S'pore 'can do more in leading-edge technologies'

PHOTO: S'pore 'can do more in leading-edge technologies'

Singapore is already making headway in the leading-edge technologies of data analytics and cyber security, but it can do more to create growth opportunities for local businesses, said Deputy Prime Minister Teo Chee Hean on Wednesday.

He said progress in these areas can also boost the country's position as a leading information technology hub.

Mr Teo, who was speaking at the opening of IBM's InterConnect conference at the Marina Bay Sands, noted that the effort has already begun.

Tech companies like IBM, NEC and Rakuten have already set up research and development facilities here to look into data analytics for areas like retail and supply chain management, he said.

The National University of Singapore has also begun to offer a one-year Master of Science programme in business analytics in collaboration with IBM. Singapore aims to train 2,500 data analytics professionals by 2017.

"If data analytics is the key to unlocking new business value, cyber security will help ensure the safety of data. Having robust cyber security capabilities will allow businesses and consumers to safely adopt next-generation technologies such as mobile and cloud computing," added Mr Teo.

Singapore will gain more expertise in cyber security when Interpol, the international police organisation, opens its global complex for innovation here next year. The centre will facilitate cyber research as a way of combating emerging criminal activities.

The local cyber security market is substantial, Mr Teo added. It was estimated to be worth $63.7 billion in 2011 with expectations that it could grow to about $120 billion by 2017.

IBM chairman and chief executive Virginia Rometty also identified data as a key component to the emerging era of tech "systems that learn".

Ms Rometty told the gathering that a better understanding of data means companies can not only predict future trends but also prescribe possible solutions.

But the new wind that is blowing across businesses comprises not only data but also mobility, social networking and cloud computing, she noted.

There are, for example, more than 2.7 billion mobile devices connected to the Internet today while a quarter of the world's population is on social networks.

"There is more than one thing happening today, and there's a convergence of these four technologies which is creating an environment that has never happened before," she said.

If this new environment is tapped correctly, then it will spur growth opportunities for businesses, added Ms Rometty, who is visiting Singapore for the first time as IBM's CEO.

Corporations that have begun to adopt these technologies have shown results, she said.

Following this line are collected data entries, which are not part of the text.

lemma Qp_eq_shifted_prod:
  "Qp p r m = (1 - shifted_prod p s (of_int r / of_int m + of_nat s)) / of_nat p"
proof -
  define u where "u = (of_int r / of_int m + of_nat s :: rat)"
  have "pochhammer (1 :: rat) p = of_nat p * fact (p - 1)"
    using fact_reduce[of p] prime_gt_0_nat[OF prime] by (simp add: pochhammer_fact[symmetric])
  moreover have "of_nat p - u = of_nat p * ((of_int m - of_int t) / of_int m)"
    unfolding u_def using shift_eq t by (simp add: field_simps)
  ultimately have "pochhammer (of_int r / of_int m) p * pochhammer (1 - of_int r / of_int m) p
        / (pochhammer 1 p)^2 * (of_int m)^2 / (of_int t * of_int (m - t))
      = shifted_prod p s u"
    unfolding pochhammer_mult_pochhammer_one_minus[OF s_less] u_def[symmetric]
    using t prime_gt_0_nat[OF prime] unfolding u_def shift_eq
    by (simp add: field_simps power2_eq_square)
  then show ?thesis
    unfolding Qp_def Let_def rat_rep_r_div_p rat_rep_neg_r_div_p u_def by simp
qed

lemma Qp_cong:
  assumes "p > 3"
  shows "padic_dvd p 2 (Qp p r m - (- 2 * harmonic s - 2 * of_nat p * (harmonic s)^2
     - 2 * ((of_int r / of_int m + of_nat s) * (harmonic (p - 1 - s) - harmonic s) / of_nat p)))"
proof -
  define u H D where "u = of_int r / of_int m + (of_nat s :: rat)" and "H = harmonic s"
    and "D = harmonic (p - 1 - s) - harmonic s"
  have "padic_dvd p 3 (shifted_prod p s u - (1 + 2 * of_nat p * H + 2 * (of_nat p)^2 * H^2 + 2 * u * D))"
    unfolding u_def H_def D_def by (rule shifted_prod_cong[OF prime assms s_less padic_dvd_shift])
  then have "padic_dvd p 2 (- ((shifted_prod p s u - (1 + 2 * of_nat p * H + 2 * (of_nat p)^2 * H^2
      + 2 * u * D)) / of_nat p))"
    using padic_dvd_uminus[OF prime padic_dvd_divide_p[OF prime]] by (simp add: numeral_3_eq_3 numeral_2_eq_2)
  moreover have "- ((shifted_prod p s u - (1 + 2 * of_nat p * H + 2 * (of_nat p)^2 * H^2 + 2 * u * D))
      / of_nat p) = Qp p r m - (- 2 * H - 2 * of_nat p * H^2 - 2 * (u * D / of_nat p))"
    unfolding Qp_eq_shifted_prod u_def[symmetric] using prime_gt_0_nat[OF prime]
    by (simp add: field_simps power2_eq_square)
  ultimately show ?thesis unfolding u_def H_def D_def by simp
qed
lemma abs_integral_weight_mult_v''_le:
  assumes "0 \<le> l" "l < r" "r \<le> T" "continuous_on {l..r} W"
    and "\<And>u. l \<le> u \<Longrightarrow> u \<le> r \<Longrightarrow> \<bar>W u\<bar> \<le> c * (u - l)"
  shows "\<bar>integral {l..r} (\<lambda>s. W s * v'' s)\<bar> \<le> c * integral {l..r} (\<lambda>s. (s - l) * \<bar>v'' s\<bar>)"
proof -
  have int: "(\<lambda>s. (s - l) * \<bar>v'' s\<bar>) integrable_on {l..r}"
    using weighted_v''_integrable assms by simp
  have "norm (integral {l..r} (\<lambda>s. W s * v'' s)) \<le> integral {l..r} (\<lambda>s. c * ((s - l) * \<bar>v'' s\<bar>))"
  proof (rule integral_norm_bound_integral)
    show "(\<lambda>s. W s * v'' s) integrable_on {l..r}"
      using integrable_weight_mult_v''[OF assms] .
    show "(\<lambda>s. c * ((s - l) * \<bar>v'' s\<bar>)) integrable_on {l..r}"
      using integrable_on_mult_right[OF int] .
    show "norm (W s * v'' s) \<le> c * ((s - l) * \<bar>v'' s\<bar>)" if "s \<in> {l..r}" for s
      using assms(5)[of s] that mult_right_mono[of "\<bar>W s\<bar>" "c * (s - l)" "\<bar>v'' s\<bar>"]
      by (simp add: abs_mult mult.assoc)
  qed
  then show ?thesis
    by simp
qed

text \<open>At the left end l = 0 the factor v' may blow up; the bound
  \<bar>W s\<bar> \<le> c s together with s v'(s) \<rightarrow> 0 keeps the product continuous.\<close>

lemma continuous_on_weight_mult_v':
  assumes "0 \<le> l" "l < r" "r \<le> T" "continuous_on {l..r} W" "W l = 0"
    and "\<And>u. l \<le> u \<Longrightarrow> u \<le> r \<Longrightarrow> \<bar>W u\<bar> \<le> c * (u - l)"
  shows "continuous_on {l..r} (\<lambda>s. W s * v' s)"
  unfolding continuous_on_eq_continuous_within
proof
  fix s
  assume s: "s \<in> {l..r}"
  have W_at_s: "continuous (at s within {l..r}) W"
    using assms(4) s continuous_on_eq_continuous_within by blast
  show "continuous (at s within {l..r}) (\<lambda>s. W s * v' s)"
  proof (cases "0 < s")
    case True
    then have "continuous (at s within {l..r}) v'"
      using continuous_within_v'[of s] s assms continuous_within_subset[of s "{0..T}" v' "{l..r}"]
      by auto
    then show ?thesis
      using W_at_s by (intro continuous_intros)
  next
    case False
    then have s0: "s = 0" "l = 0"
      using s assms by auto
    have "((\<lambda>s. c * \<bar>s * v' s\<bar>) \<longlongrightarrow> 0) (at 0 within {0..r})"
      using tendsto_mult_right_zero[OF tendsto_rabs_zero[OF tendsto_mult_v'_at_right_0], of c]
        at_within_Icc_at_right[of 0 r] assms(2) s0 by simp
    moreover have "\<forall>\<^sub>F u in at 0 within {0..r}. norm (W u * v' u) \<le> c * \<bar>u * v' u\<bar>"
      unfolding eventually_at_filter
    proof (rule always_eventually, intro allI impI)
      fix u
      assume "u \<noteq> 0" "u \<in> {0..r}"
      then show "norm (W u * v' u) \<le> c * \<bar>u * v' u\<bar>"
        using assms(6)[of u] s0 mult_right_mono[of "\<bar>W u\<bar>" "c * u" "\<bar>v' u\<bar>"]
        by (simp add: abs_mult mult.assoc)
    qed
    ultimately have "((\<lambda>s. W s * v' s) \<longlongrightarrow> 0) (at 0 within {0..r})"
      by (rule Lim_null_comparison[rotated])
    then show ?thesis
      using s0 assms(5) by (simp add: continuous_within)
  qed
qed

lemma has_integral_by_parts_vanishing_weight:
  assumes "0 \<le> l" "l < r" "r \<le> T" "continuous_on {l..r} W" "W l = 0" "W r = 0"
    and "\<And>s. l < s \<Longrightarrow> s < r \<Longrightarrow> (W has_real_derivative w s) (at s)"
    and "\<And>u. l \<le> u \<Longrightarrow> u \<le> r \<Longrightarrow> \<bar>W u\<bar> \<le> c * (u - l)"
  shows "((\<lambda>s. w s * v' s) has_integral - integral {l..r} (\<lambda>s. W s * v'' s)) {l..r}"
proof -
  have "((\<lambda>s. w s * v' s + W s * v'' s) has_integral (W r * v' r - W l * v' l)) {l..r}"
  proof (rule fundamental_theorem_of_calculus_interior)
    show "continuous_on {l..r} (\<lambda>s. W s * v' s)"
      using continuous_on_weight_mult_v' assms by blast
    show "((\<lambda>s. W s * v' s) has_vector_derivative w s * v' s + W s * v'' s) (at s)"
      if "s \<in> {l<..<r}" for s
      using DERIV_mult[OF assms(7) v2_at, of s] that assms
      by (auto simp: has_real_derivative_iff_has_vector_derivative[symmetric] mult.commute)
  qed (use assms in simp)
  then have "((\<lambda>s. w s * v' s + W s * v'' s) has_integral 0) {l..r}"
    using assms by simp
  from has_integral_diff[OF this integrable_integral[OF integrable_weight_mult_v''[OF assms(1-4,8)]]]
  show ?thesis
    by simp
qed
lemma leonard_pair_A_As: "leonard_pair 2 (leonard_A z) (leonard_As y z)"
proof -
  let ?A = "leonard_A z" and ?B = "leonard_As y z"
  \<comment> \<open>the columns of \<open>?P\<close> (resp. \<open>?P'\<close>) are eigenvectors of \<open>A\<^sup>*\<close> (resp. \<open>A\<close>) for \<open>1, 0, -1\<close>\<close>
  let ?P = "mat3 (y * z) (1 - y * z) (- (y * z)) 1 0 1 (-1) 1 1"
  let ?T = "mat3 ((y + 1) * z - 1) (- (((y + 1) * z - 2) / 2)) 0 ((y + 1) * z) 0 ((y + 1) * z)
                 0 (- (((y + 1) * z - 2) / 2)) (1 - (y + 1) * z)"
  let ?P' = "mat3 z (z - 1) z 1 0 (-1) 1 1 1"
  let ?T' = "mat3 ((y + 1) * z - 1) (((y + 1) * z - 2) / 2) 0 (- ((y + 1) * z)) 0 ((y + 1) * z)
                  0 (- (((y + 1) * z - 2) / 2)) (1 - (y + 1) * z)"
  let ?D = "mat3 1 0 0 0 0 0 0 0 (-1)"
  have "det3 ?P = - 2" "det3 ?P' = 2"
    by (simp_all add: det3_def algebra_simps)
  then have det: "det3 ?P \<noteq> 0" "det3 ?P' \<noteq> 0"
    using two by simp_all
  obtain Q where Q: "basis_change 3 ?P Q"
    "\<And>M T. M \<in> carrier_mat 3 3 \<Longrightarrow> T \<in> carrier_mat 3 3 \<Longrightarrow> M * ?P = ?P * T \<Longrightarrow> Q * M * ?P = T"
    using basis_change_det3[OF mat3_carrier det(1)] by blast
  obtain Q' where Q': "basis_change 3 ?P' Q'"
    "\<And>M T. M \<in> carrier_mat 3 3 \<Longrightarrow> T \<in> carrier_mat 3 3 \<Longrightarrow> M * ?P' = ?P' * T \<Longrightarrow> Q' * M * ?P' = T"
    using basis_change_det3[OF mat3_carrier det(2)] by blast
  have eig: "?A * ?P = ?P * ?T" "?B * ?P = ?P * ?D" "?B * ?P' = ?P' * ?T'" "?A * ?P' = ?P' * ?D"
    by (simp_all add: leonard_A_def leonard_As_def) (simp_all add: field_simps)
  have "Q * ?A * ?P = ?T" "Q * ?B * ?P = ?D" "Q' * ?B * ?P' = ?T'" "Q' * ?A * ?P' = ?D"
    using Q(2)[OF leonard_A_carrier mat3_carrier eig(1)] Q(2)[OF leonard_As_carrier mat3_carrier eig(2)]
      Q'(2)[OF leonard_As_carrier mat3_carrier eig(3)] Q'(2)[OF leonard_A_carrier mat3_carrier eig(4)]
    by simp_all
  then have "irred_tridiag 3 (Q * ?A * ?P)" "diagonal_mat (Q * ?B * ?P)"
    "irred_tridiag 3 (Q' * ?B * ?P')" "diagonal_mat (Q' * ?A * ?P')"
    using phi phi' two by (simp_all add: irred_tridiag_mat3_iff diagonal_mat_mat3_iff)
  moreover have "(2::nat) + 1 = 3"
    by simp
  ultimately show ?thesis
    unfolding leonard_pair_def using Q(1) Q'(1) by (metis leonard_A_carrier leonard_As_carrier)
qed

lemma first_split_seq_A_As:
  "first_split_seq 2 (leonard_A z) E (\<lambda>i. 1 - of_nat i) (leonard_As y z) (idem3 (leonard_As y z))
     (\<lambda>i. 1 - of_nat i) (\<lambda>_. (y + 1) * z - 2)"
proof (rule first_split_seq_3I)
  let ?U = "mat3 (y * z) (z - y * z) (z * ((y + 1) * z - 2)) 1 ((y + 1) * z - 2) (2 - (y + 1) * z)
                 (-1) 2 ((y + 1) * z - 2)"
  \<comment> \<open>\<open>?v\<close> is the first column of the eigenbasis of \<open>A\<^sup>*\<close>, so it lies in \<open>E\<^sup>*\<^sub>0V\<close>\<close>
  let ?v = "vec_of_list [y * z, 1, -1]"
  show "mat_of_cols 3 (map (split_vec (leonard_A z) (\<lambda>i. 1 - of_nat i) ?v) [0..<3]) = ?U"
    by (simp add: split_vec_columns_3 leonard_A_def one_mat3)
      (simp add: algebra_simps)
  have "det3 ?U = z^2 * ((y + 1) * z - 2) * (y + 1)^2"
    by (simp add: det3_def algebra_simps power2_eq_square)
  then show "det3 ?U \<noteq> 0"
    using phi phi' by simp
  show "leonard_As y z * ?U = ?U * upper_bidiag 2 (\<lambda>i. 1 - of_nat i) (\<lambda>_. (y + 1) * z - 2)"
    by (simp add: upper_bidiag_2 leonard_As_def) (simp add: algebra_simps)
  show "idem3 (leonard_As y z) 0 *\<^sub>v ?v = ?v"
    by (simp add: idem3_def leonard_As_def) (simp add: field_simps)
qed (simp_all add: zero_vec3)


lemma second_split_seq_A_As:
  "first_split_seq 2 (leonard_A z) E (\<lambda>i. 1 - of_nat (2 - i)) (leonard_As y z) (idem3 (leonard_As y z))
     (\<lambda>i. 1 - of_nat i) (\<lambda>_. (y + 1) * z)"
proof (rule first_split_seq_3I)
  let ?U = "mat3 (y * z) ((y + 1) * z) (z * ((y + 1) * z)) 1 ((y + 1) * z) ((y + 1) * z)
                 (-1) 0 ((y + 1) * z)"
  let ?v = "vec_of_list [y * z, 1, -1]"
  show "mat_of_cols 3 (map (split_vec (leonard_A z) (\<lambda>i. 1 - of_nat (2 - i)) ?v) [0..<3]) = ?U"
    by (simp add: split_vec_columns_3 leonard_A_def one_mat3) (simp add: algebra_simps)
  have "det3 ?U = ((y + 1) * z)^2 * ((y + 1) * z - 2)"
    by (simp add: det3_def algebra_simps power2_eq_square)
  then show "det3 ?U \<noteq> 0"
    using phi phi' by simp
  show "leonard_As y z * ?U = ?U * upper_bidiag 2 (\<lambda>i. 1 - of_nat i) (\<lambda>_. (y + 1) * z)"
    by (simp add: upper_bidiag_2 leonard_As_def) (simp add: algebra_simps)
  show "idem3 (leonard_As y z) 0 *\<^sub>v ?v = ?v"
    by (simp add: idem3_def leonard_As_def) (simp add: field_simps)
qed (simp_all add: zero_vec3)
lemma sum_matvec_Amat: "(\<Sum>i<n. matvec n (Amat d a n) x i) = 0"
proof (rule sum_matvec_eq_0_if_column_sums_0)
  fix j assume j: "j < n"
  have "(\<Sum>i<n. Amat d a n i j) = Amat d a n j j + (\<Sum>i\<in>{..<n} - {j}. Amat d a n i j)"
    using j by (simp add: sum.remove)
  also have "(\<Sum>i\<in>{..<n} - {j}. Amat d a n i j)
      = (\<Sum>i\<in>{..<n} - {j}. - ((pder d (a j) - pder d (a i)) / (a j - a i)))"
  proof (rule sum.cong[OF refl])
    fix i assume "i \<in> {..<n} - {j}"
    then have "i \<noteq> j" by auto
    have swap: "a j - a i = - (a i - a j)" "pder d (a j) - pder d (a i) = - (pder d (a i) - pder d (a j))"
      by simp_all
    show "Amat d a n i j = - ((pder d (a j) - pder d (a i)) / (a j - a i))"
      unfolding Amat_def using \<open>i \<noteq> j\<close>
      by (simp only: swap minus_divide_divide minus_divide_left if_False)
  qed
  also have "Amat d a n j j + \<dots> = 0" by (simp add: Amat_def sum_negf)
  finally show "(\<Sum>i<n. Amat d a n i j) = 0" .
qed

lemma beta_commute: "beta a n i j = beta a n j i"
proof -
  have "(a i - a j) * epsv a n i * epsv a n j = - ((a j - a i) * epsv a n j * epsv a n i)"
    by (simp add: algebra_simps)
  moreover have "epsv a n i - epsv a n j = - (epsv a n j - epsv a n i)" by simp
  ultimately show ?thesis unfolding beta_def by (metis minus_divide_divide)
qed

lemma sum_matvec_Bmat: "(\<Sum>i<n. matvec n (Bmat a n) x i) = 0"
proof (rule sum_matvec_eq_0_if_column_sums_0)
  fix j assume j: "j < n"
  have "(\<Sum>i<n. Bmat a n i j) = Bmat a n j j + (\<Sum>i\<in>{..<n} - {j}. Bmat a n i j)"
    using j by (simp add: sum.remove)
  also have "(\<Sum>i\<in>{..<n} - {j}. Bmat a n i j) = (\<Sum>i\<in>{..<n} - {j}. beta a n j i)"
    by (rule sum.cong[OF refl]) (auto simp: Bmat_def beta_commute)
  also have "Bmat a n j j + \<dots> = 0" by (simp add: Bmat_def)
  finally show "(\<Sum>i<n. Bmat a n i j) = 0" .
qed

section \<open>Injectivity of \<open>\<A>\<close> and its gain of valuation\<close>

text \<open>Maximum principle: where \<open>Re z\<close> is maximal all terms of the equation are
  nonnegative, hence zero, so \<open>Re z\<close> is constant; the zero sum makes it zero.\<close>

lemma weighted_laplacian_Re_eq_0:
  fixes z :: "nat \<Rightarrow> complex" and \<mu> :: "nat \<Rightarrow> nat \<Rightarrow> real"
  assumes \<mu>: "\<And>i j. i < n \<Longrightarrow> j < n \<Longrightarrow> i \<noteq> j \<Longrightarrow> \<mu> i j > 0"
    and eq: "\<And>i. i < n \<Longrightarrow> (\<Sum>j\<in>{..<n} - {i}. of_real (\<mu> i j) * (z i - z j)) = 0"
    and sum: "(\<Sum>i<n. z i) = 0"
  shows "\<forall>i<n. Re (z i) = 0"
proof (cases "n = 0")
  case False
  define M where "M = Max ((\<lambda>i. Re (z i)) ` {..<n})"
  have M_ge: "\<And>i. i < n \<Longrightarrow> Re (z i) \<le> M" unfolding M_def by simp
  have "M \<in> (\<lambda>i. Re (z i)) ` {..<n}" unfolding M_def using False by (intro Max_in) auto
  then obtain m where m: "m < n" "Re (z m) = M" by auto
  have "(\<Sum>j\<in>{..<n} - {m}. \<mu> m j * (Re (z m) - Re (z j))) = 0"
    using arg_cong[OF eq[OF m(1)], of Re] by (simp add: Re_sum)
  moreover have "0 \<le> \<mu> m j * (Re (z m) - Re (z j))" if "j \<in> {..<n} - {m}" for j
    using \<mu>[of m j] M_ge[of j] m that by (auto intro: less_imp_le)
  ultimately have terms_0: "\<mu> m j * (Re (z m) - Re (z j)) = 0" if "j \<in> {..<n} - {m}" for j
    using that by (subst (asm) sum_nonneg_eq_0_iff) auto
  have all_M: "Re (z j) = M" if j: "j < n" for j
  proof (cases "j = m")
    case False
    have "\<mu> m j * (Re (z m) - Re (z j)) = 0" using terms_0[of j] False j by simp
    moreover have "\<mu> m j > 0" using \<mu>[of m j] m(1) j False by simp
    ultimately show ?thesis using m(2) by simp
  qed (use m in simp)
  have "of_nat n * M = Re (\<Sum>i<n. z i)" by (simp add: Re_sum all_M)
  then have "M = 0" using sum False by simp
  then show ?thesis using all_M by simp
qed simp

IBM's poll of 80 global banks showed that they have improved customer acquisitions by 125 per cent. In the automotive industry, costs have been slashed by 34 per cent.

In her view, corporations must do three things to join the new computing era.

One is that decision-making must be driven by analytics and information. She cited the National Environment Agency here, which used data analytics to predict the next dengue outbreak.

Corporations must also embed intelligence into products and services. Carmaker Honda, for example, has software in batteries that collects data on distance travelled, usage patterns and other information that lets it develop better products.

And lastly, corporations must think of one-to-one marketing or personalisation.

"In the 2012 United States presidential election, President Barack Obama's election team used data analytics to identify who would be most likely to change their vote. They focused on sending customised and personalised messages to those voters," said Ms Rometty.

Being ready and able to act on these characteristics requires corporate chieftains to accept constant re-invention to create services of higher value, added Ms Rometty.

DBS Bank here has been looking into using data analytics to improve customer engagement.

Ms Karen Ngui, its head of group strategic marketing and communications, told The Straits Times on the conference sidelines: "Let's say someone goes in to buy an airline ticket with a DBS credit card.

"We would pick this up and immediately send him deals on hotels, travel insurance and anything to do with travel. This must be done in real time, at that time when the customer is booking the air ticket.

"We've seen better take-up rates of our services of about two to three times the average when we do cross selling."

However, DBS said it is wary of being too intrusive for fear of invading its customers' privacy, said Ms Ngui.

About 2,500 people are expected to attend the three-day event, which is the biggest tech conference IBM runs for growth markets - any country outside of the US, Western Europe and Japan. It is the second time it has been held here.